One application of this idea is a proposed method for preventing email spam, requiring a proof of work on the email's contents (including the To address), on every email. Legitimate emails will be able to do the work to generate the proof easily (not much work is required for a single email), but mass spam emailers will have difficulty generating the required proofs (which would require huge computational resources).

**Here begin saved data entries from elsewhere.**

(* Let $\gamma>0$, let $\beta_1=\beta_1(\gamma)$ be the unique positive solution of $\frac{\sqrt\pi}{2}\gamma x(1+x)^{1/2}(3+x)=1$, let $0\le\beta<\beta_1$ and let $\mathrm{Ste}_\infty>0$. For each $\lambda>0$ let $\varphi_\lambda$ be the unique solution, within the set of bounded analytic functions $h:[0,\lambda]\to\mathbb{R}$ with $0\le h\le 1$, of \begin{align*} &[(1+\beta y(\eta))y'(\eta)]'+2\eta y'(\eta)=0, \quad 0<\eta<\lambda,\\ &y'(0)+\beta y(0)y'(0)-\gamma y(0)=0,\\ &y(\lambda)=1. \end{align*} Then the equation $$\frac{\varphi_\lambda'(\lambda)}{\lambda}=\frac{2}{(1+\beta)\,\mathrm{Ste}_\infty}$$ has at least one solution $\lambda>0$.
   Context: In the physical problem, $\mathrm{Ste}_\infty=c(T_f-T_\infty)/l$ is the Stefan number and $\gamma=2h_0\sqrt{\alpha_0}/k_0$. *)

theory Defs
  imports "HOL-Analysis.Analysis"
begin

definition beta1 :: "real \<Rightarrow> real" where
  "beta1 \<gamma> = (THE x. x > 0 \<and> sqrt pi / 2 * \<gamma> * x * sqrt (1 + x) * (3 + x) = 1)"

definition real_analytic_on :: "(real \<Rightarrow> real) \<Rightarrow> real set \<Rightarrow> bool" where
  "real_analytic_on f S \<longleftrightarrow>
     (\<forall>x\<in>S. \<exists>r>0. \<exists>a::nat \<Rightarrow> real.
        \<forall>y\<in>S. \<bar>y - x\<bar> < r \<longrightarrow> (\<lambda>n. a n * (y - x) ^ n) sums f y)"

definition solves_problem :: "real \<Rightarrow> real \<Rightarrow> real \<Rightarrow> (real \<Rightarrow> real) \<Rightarrow> bool" where
  "solves_problem \<beta> \<gamma> lam h \<longleftrightarrow>
     real_analytic_on h {0..lam} \<and>
     (\<forall>\<eta>\<in>{0..lam}. 0 \<le> h \<eta> \<and> h \<eta> \<le> 1) \<and>
     (\<exists>h'. (\<forall>\<eta>\<in>{0..lam}. (h has_real_derivative h' \<eta>) (at \<eta> within {0..lam})) \<and>
           (\<forall>\<eta>\<in>{0<..<lam}.
              ((\<lambda>t. (1 + \<beta> * h t) * h' t) has_real_derivative (- 2 * \<eta> * h' \<eta>)) (at \<eta>)) \<and>
           h' 0 + \<beta> * h 0 * h' 0 - \<gamma> * h 0 = 0) \<and>
     h lam = 1"

end

theory Submission
  imports Defs
begin

text \<open>With the integrating factor exp P, where P(\<eta>) is the integral of 2s/(1 + \<beta> h(s)) over
  [0, \<eta>], every solution h satisfies the first-order integral form
  h' = \<gamma> h(0) exp(-P) / (1 + \<beta> h). This system obeys a comparison principle: the solution
  with the larger initial value has the faster-growing Kirchhoff transform h + \<beta> h^2 / 2,
  and solutions with equal initial values coincide by a Gronwall estimate. Comparing the solution
  on [0, \<lambda>] with the restriction of the one on [0, \<mu>], \<lambda> \<le> \<mu>, shows that the initial value and
  the exponent at the free boundary are locally Lipschitz in \<lambda>, hence so is the slope at the
  free boundary divided by \<lambda>. That quotient is at most \<gamma> / ((1 + \<beta>) \<lambda>) and, for \<lambda> \<le> 1, at
  least a positive constant over \<lambda>, so the intermediate value theorem yields the root.\<close>

lemma DERIV_le_imp_diff_le:
  fixes f f' :: "real \<Rightarrow> real"
  assumes "a \<le> b" "continuous_on {a..b} f"
    and "\<And>x. a < x \<Longrightarrow> x < b \<Longrightarrow> (f has_real_derivative f' x) (at x)"
    and "\<And>x. a < x \<Longrightarrow> x < b \<Longrightarrow> f' x \<le> M"
  shows "f b - f a \<le> M * (b - a)"
proof -
  have "(\<lambda>x. f x - M * x) b \<le> (\<lambda>x. f x - M * x) a"
  proof (rule DERIV_nonpos_imp_decreasing_open[OF assms(1)])
    fix x assume "a < x" "x < b"
    then show "\<exists>y. ((\<lambda>x. f x - M * x) has_real_derivative y) (at x) \<and> y \<le> 0"
      using assms(3,4) by (intro exI[of _ "f' x - M"]) (auto intro!: derivative_eq_intros)
  qed (use assms(2) in \<open>intro continuous_intros\<close>)
  then show ?thesis by (simp add: algebra_simps)
qed

lemma has_real_derivative_eq_continuous_extension:
  fixes f f' k :: "real \<Rightarrow> real"
  assumes ab: "a < b"
    and df: "\<And>x. x \<in> {a..b} \<Longrightarrow> (f has_real_derivative f' x) (at x within {a..b})"
    and fk: "\<And>x. a < x \<Longrightarrow> x < b \<Longrightarrow> f' x = k x"
    and ck: "continuous_on {a..b} k"
    and x: "x \<in> {a..b}"
  shows "f' x = k x"
proof -
  define F where "F y = f a + integral {a..y} k" for y
  have dF: "(F has_real_derivative k y) (at y within {a..b})" if "y \<in> {a..b}" for y
    unfolding F_def using integral_has_real_derivative[OF ck that]
    by (auto intro!: derivative_eq_intros)
  have f_eq_F: "f y = F y" if y: "y \<in> {a..b}" for y
  proof (cases "y = a")
    case False
    then have "a < y" using y by auto
    then have "(\<lambda>t. f t - F t) y = (\<lambda>t. f t - F t) a"
    proof (rule DERIV_isconst_end)
      show "continuous_on {a..y} (\<lambda>t. f t - F t)"
        using DERIV_continuous_on[OF df] DERIV_continuous_on[OF dF] y
        by (auto intro!: continuous_intros elim: continuous_on_subset)
      fix t assume "a < t" "t < y"
      then show "((\<lambda>t. f t - F t) has_real_derivative 0) (at t)"
        using df[of t] dF[of t] fk[of t] y
        by (auto simp: at_within_Icc_at intro!: derivative_eq_intros)
    qed
    then show ?thesis by (simp add: F_def)
  qed (simp add: F_def)
  have "(f has_real_derivative k x) (at x within {a..b})"
    by (rule has_field_derivative_transform_within[OF dF[OF x], of 1]) (use x f_eq_F in auto)
  then show ?thesis
    using df[OF x] vector_derivative_unique_within_closed_interval[of a b x f "f' x" "k x"] ab x
    by (auto simp: has_real_derivative_iff_has_vector_derivative)
qed
lemma scalar_prod_normalize:
  assumes "(v::real vec) \<in> carrier_vec n" "v \<noteq> 0\<^sub>v n"
  shows "((1 / sqrt (v \<bullet> v)) \<cdot>\<^sub>v v) \<bullet> ((1 / sqrt (v \<bullet> v)) \<cdot>\<^sub>v v) = 1"
proof -
  have "v \<bullet> v > 0"
    using assms scalar_prod_self_nonneg[of v] scalar_prod_self_eq_0_iff[of v n] by fastforce
  thus ?thesis
    using assms by (simp add: smult_scalar_prod_distrib[of _ n] scalar_prod_smult_distrib[of _ n])
qed

definition orthonormal_on :: "nat \<Rightarrow> nat set \<Rightarrow> (nat \<Rightarrow> real vec) \<Rightarrow> bool" where
  "orthonormal_on n I g \<longleftrightarrow> (\<forall>i\<in>I. g i \<in> carrier_vec n) \<and>
     (\<forall>i\<in>I. \<forall>j\<in>I. g i \<bullet> g j = (if i = j then 1 else 0))"

lemma orthonormal_onD:
  assumes "orthonormal_on n I g"
  shows "i \<in> I \<Longrightarrow> g i \<in> carrier_vec n"
    and "i \<in> I \<Longrightarrow> j \<in> I \<Longrightarrow> g i \<bullet> g j = (if i = j then 1 else 0)"
  using assms unfolding orthonormal_on_def by auto

definition mat_of_col_fun :: "nat \<Rightarrow> nat \<Rightarrow> (nat \<Rightarrow> 'a vec) \<Rightarrow> 'a mat" where
  "mat_of_col_fun n k g = mat n k (\<lambda>(i, j). g j $ i)"

lemma mat_of_col_fun_carrier [simp]:
  "mat_of_col_fun n k g \<in> carrier_mat n k"
  "dim_row (mat_of_col_fun n k g) = n" "dim_col (mat_of_col_fun n k g) = k"
  unfolding mat_of_col_fun_def by auto

lemma index_mat_of_col_fun [simp]: "i < n \<Longrightarrow> j < k \<Longrightarrow> mat_of_col_fun n k g $$ (i, j) = g j $ i"
  unfolding mat_of_col_fun_def by simp

lemma col_mat_of_col_fun [simp]:
  "j < k \<Longrightarrow> g j \<in> carrier_vec n \<Longrightarrow> col (mat_of_col_fun n k g) j = g j"
  by (intro eq_vecI) auto

lemma orthonormal_transpose_mult_self:
  assumes "orthonormal_on n {..<k} g"
  shows "transpose_mat (mat_of_col_fun n k g) * mat_of_col_fun n k g = 1\<^sub>m k"
  using orthonormal_onD[OF assms] by (intro eq_matI) auto

lemma orth_mat_of_orthonormal:
  assumes "orthonormal_on n {..<n} g"
  shows "orth_mat n (mat_of_col_fun n n g)"
proof -
  have "transpose_mat (mat_of_col_fun n n g) * mat_of_col_fun n n g = 1\<^sub>m n"
    by (rule orthonormal_transpose_mult_self[OF assms])
  moreover from mat_mult_left_right_inverse[OF _ _ this]
  have "mat_of_col_fun n n g * transpose_mat (mat_of_col_fun n n g) = 1\<^sub>m n" by auto
  ultimately show ?thesis unfolding orth_mat_def by auto
qed

lemma orth_mat_transpose_mult_vec_inj:
  assumes U: "orth_mat n U" and x: "x \<in> carrier_vec n" and y: "y \<in> carrier_vec n"
    and eq: "transpose_mat U *\<^sub>v x = transpose_mat U *\<^sub>v y"
  shows "x = y"
proof -
  note U = orth_matD[OF U]
  have "x = (U * transpose_mat U) *\<^sub>v x" using U x by simp
  also have "\<dots> = U *\<^sub>v (transpose_mat U *\<^sub>v x)" using U x by (intro assoc_mult_mat_vec) auto
  also have "\<dots> = U *\<^sub>v (transpose_mat U *\<^sub>v y)" by (simp only: eq)
  also have "\<dots> = (U * transpose_mat U) *\<^sub>v y" using U y by (intro assoc_mult_mat_vec[symmetric]) auto
  also have "\<dots> = y" using U y by simp
  finally show ?thesis .
qed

This concept is used in Bitcoin for block generation. For a block to be valid it must hash to a value less than the current target; this means that each block indicates that work has been done generating it. Each block contains the hash a predecessor block, thus each block has a chain of blocks that together contain a large amount of work. Changing a block (which can only be done by making a new block containing the same predecessor) requires regenerating all successors and redoing the work they contain. This protects the block chain from tampering.

Example

Let's say the base string that we are going to do work on is "Hello, world!". Our target is to find a variation of it that SHA-256 hashes to a value beginning with '000'. We vary the string by adding a integer value to the end called a nonce and incrementing it each time. Finding a match for "Hello, world!" takes us 4251 tries (but happens to have zeroes in the first four digits):

"Hello, world!0" => 1312af178c253f84028d480a6adc1e25e81caa44c749ec81976192e2ec934c64
"Hello, world!1" => e9afc424b79e4f6ab42d99c81156d3a17228d6e1eef4139be78e948a9332a7d8
"Hello, world!2" => ae37343a357a8297591625e7134cbea22f5928be8ca2a32aa475cf05fd4266b7
...
"Hello, world!4248" => 6e110d98b388e77e9c6f042ac6b497cec46660deef75a55ebc7cfdf65cc0b965
"Hello, world!4249" => c004190b822f1669cac8dc37e761cb73652e7832fb814565702245cf26ebb9e6
"Hello, world!4250" => 0000c3af42fc31103f1fdc0151fa747ff87349a4714df7cc52ea464e12dcd4e9

4251 hashes on a modern computer is not very much work (most computers can achieve at least 4 million hashes per second). Bitcoin automatically varies the difficulty (and thus the amount of work required to generate a block) to keep a roughly constant rate of block generation. The probability of a single hash succeeding can be found here.

In Bitcoin things are a bit more complex, especially since the header contains the Merkle tree which depends on the included transactions. This includes the generation transaction, a transaction "out of nowhere" to our own address, which in addition to providing the miner with incentive to do the work, also ensures that every miner hashes a unique data set.